I was taking currently in a elementary calculus course where i found how to find arc lengths of a smooth continuous curve.
so here is how i started :
$$\frac{x^2}{a^2}+\frac{y^2}{b^2}=1\Rightarrow y=\pm \frac{b}{a}\sqrt{a^2-x^2}$$By applying the formula of the arc length of a function, we get:$$L=4\int_0^a\sqrt{1+\frac{b^2x^2}{a^2(a^2-x^2)}}dx=4\int_0^a\sqrt{\frac{a^4+(b^2-a^2)x^2}{a^2(a^2-x^2)}}dx$$Now I made a little subsitution recalling trigonometry: $$x=a\sin(u)\\dx=a\cos(u)du$$So the Integral now can be expressed as:$$L=4\int_0^{\frac{\pi}{2}}a\cos(u)\sqrt{\frac{a^4+(b^2-a^2)a^2\sin^2(u)}{a^2(a^2-a^2\sin^2(u))}}du=\\4\int_0^{\frac{\pi}{2}}a\cos(u)\sqrt{\frac{a^4+(b^2-a^2)a^2\sin^2(u)}{a^2(a^2\cos^2(u)+a^2\sin^2(u)-a^2\sin^2(u))}}du=\\4\int_0^{\frac{\pi}{2}}\sqrt{a^2+(b^2-a^2)\sin^2(u)}du$$So we have:$$L=4a\int_0^{\frac{\pi}{2}}\sqrt{1+\frac{(b^2-a^2)}{a^2}\sin^2(u)}du$$ Letting $m=\frac{(b^2-a^2)}{a^2}$ we finally get:$$L=4a\int_0^{\frac{\pi}{2}}\sqrt{1+m\sin^2(u)}du$$
BUT
later i found these type of integrals are known as elliptic integrals and can not be given in terms of elementary functions.

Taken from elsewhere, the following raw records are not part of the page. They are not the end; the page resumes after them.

(* Assume the setting of the previous statement: $(U,V_1)\sim p(u,v_1)$, a measurable real function $f(u,v)$, $c(u)=\mathbf{E}_{v\sim p(v)}[e^{f(u,v)}]<\infty$, Borel sets $B_u\subset(c(u),\infty)$ with $S_{B_u}=\{v: e^{f(u,v)}\in B_u\}$ and $p(S_{B_u})>0$, and $q(\cdot\mid u)$ the law of $V_{2:k}=(V_2,\dots,V_k)$ drawn i.i.d. from $p(v)$ conditioned on $S_{B_u}$. For fixed $(u,v_1)$ define $$Z(v_{2:k})=\log\frac{e^{f(u,v_1)}}{\frac1k\sum_{j=1}^k e^{f(u,v_j)}}.$$ Let $p(v_{2:k})$ denote the law of $V_{2:k}$ drawn i.i.d. from $p(v)$, and let $\tilde q(\cdot\mid u)$ denote $p(v_{2:k})$ conditioned on the complement of the event on which $q$ conditions (i.e. $\tilde q(A)=p(A\mid S_{B_u}^c)$ in the paper's notation), assumed to have positive probability. For a distribution $r$ of the negatives, define $\mathrm{Bias}_r(Z)=\mathcal{I}(U;V_1)-\mathbf{E}_{(u,v_1)\sim p(u,v_1)}\mathbf{E}_{v_{2:k}\sim r}[Z]$ and $\mathrm{Var}_r(Z)=\mathrm{Var}_{v_{2:k}\sim r}[Z]$. Suppose $S_{B_u}$ is chosen so that $\mathrm{Var}_{q(v_{2:k})}[Z]\le\mathrm{Var}_{\tilde q(v_{2:k})}[Z]$. Then $$\mathrm{Bias}_p(Z)\le\mathrm{Bias}_q(Z)\quad\text{and}\quad \mathrm{Var}_p(Z)\ge\mathrm{Var}_q(Z),$$ that is, sampling the negatives $v_{2:k}\sim q$ instead of $p$ trades higher bias for lower variance.
   Context: $\mathbf{E}_{p(v_{2:k})}[Z]$ (averaged over $(u,v_1)$) is the NCE estimator and $\mathbf{E}_{q(v_{2:k})}[Z]$ the conditional NCE (CNCE) estimator of the mutual information $\mathcal{I}(U;V_1)$; both are lower bounds on $\mathcal{I}(U;V_1)$ with the CNCE value at most the NCE value. *)

theory Defs
  imports "HOL-Probability.Probability"
begin

definition MI :: "('u \<times> 'v) measure \<Rightarrow> 'u measure \<Rightarrow> 'v measure \<Rightarrow> real" where
  "MI P MU MV = prob_space.mutual_information P (exp 1) MU MV fst snd"

definition Zfun :: "('u \<Rightarrow> 'v \<Rightarrow> real) \<Rightarrow> nat \<Rightarrow> 'u \<Rightarrow> 'v \<Rightarrow> (nat \<Rightarrow> 'v) \<Rightarrow> real" where
  "Zfun f k u v1 w =
     ln (exp (f u v1) / ((1 / real k) * (exp (f u v1) + (\<Sum>j\<in>{2..k}. exp (f u (w j))))))"

definition Ex :: "'a measure \<Rightarrow> ('a \<Rightarrow> real) \<Rightarrow> real" where
  "Ex r X = (\<integral>x. X x \<partial>r)"

definition Var :: "'a measure \<Rightarrow> ('a \<Rightarrow> real) \<Rightarrow> real" where
  "Var r X = (\<integral>x. (X x - Ex r X)\<^sup>2 \<partial>r)"

definition Bias :: "('u \<times> 'v) measure \<Rightarrow> 'u measure \<Rightarrow> 'v measure \<Rightarrow> ('u \<Rightarrow> (nat \<Rightarrow> 'v) measure)
    \<Rightarrow> ('u \<Rightarrow> 'v \<Rightarrow> real) \<Rightarrow> nat \<Rightarrow> real" where
  "Bias P MU MV r f k = MI P MU MV - (\<integral>uv. Ex (r (fst uv)) (Zfun f k (fst uv) (snd uv)) \<partial>P)"

end

theory Submission
  imports Defs
begin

say elliptic integral of another type $$u( k)=\int_{0}^{\frac{\pi}{2}} \frac{1}{\sqrt{1-k^2\sin(\theta)}} \, d\theta $$
expanding by binomial theorem or mclaurian expansion will lead to :
$$u(k)=\frac{\pi}{2}\Biggl[{1+\Biggl(\frac{1}{2}\Biggl)^2k^2+\Biggl(\frac{1.3}{2.4}\Biggl)^2k^4+\Biggl(\frac{1.3.5}{2.4.6}\Biggl)^2k^6+....}\Biggl]$$
Now
I am very much interested
in finding the values of these series rather than the arc length of ellipse.
I just found on wikipedia where AGM method is used as : $$u(k)=\frac{\pi}{2M(1,\sqrt{1-k^2})}$$
But
At first glance
it is easy to see the following as a hypergeometric series : i.e. $$_2F_1\bigg[\frac{1}{2},\frac{1}{2};1;k^2\bigg]=\frac{1}{2}u(k)$$
$$LHS=\sum_{n=0}^{\infty}\frac{\bigg[(\frac{1}{2})_n\bigg]^2 k^{2n}}{(1)_n n!}$$ where $(a)_n=\frac{\Gamma_{a+n}}{\Gamma_a}$ simplify a bit $$=\frac{1}{\pi}\sum_{n=0}^{\infty} \bigg(\frac{\Gamma_{\frac{1}{2}+n}}{n!}\bigg)^2 k^{2n}$$
But i really do not know how the values of hypergeometric series are evaluated.I have seen(of course in a basic way) some special cases of $_3F_2$ and $_7F_6$ but do not know what to do with those generated by ellptic integral.
Being unexperienced i will admire any suggestion from anyone.
please tell me how these elliptic integrals and hypergeometric series are evaluated.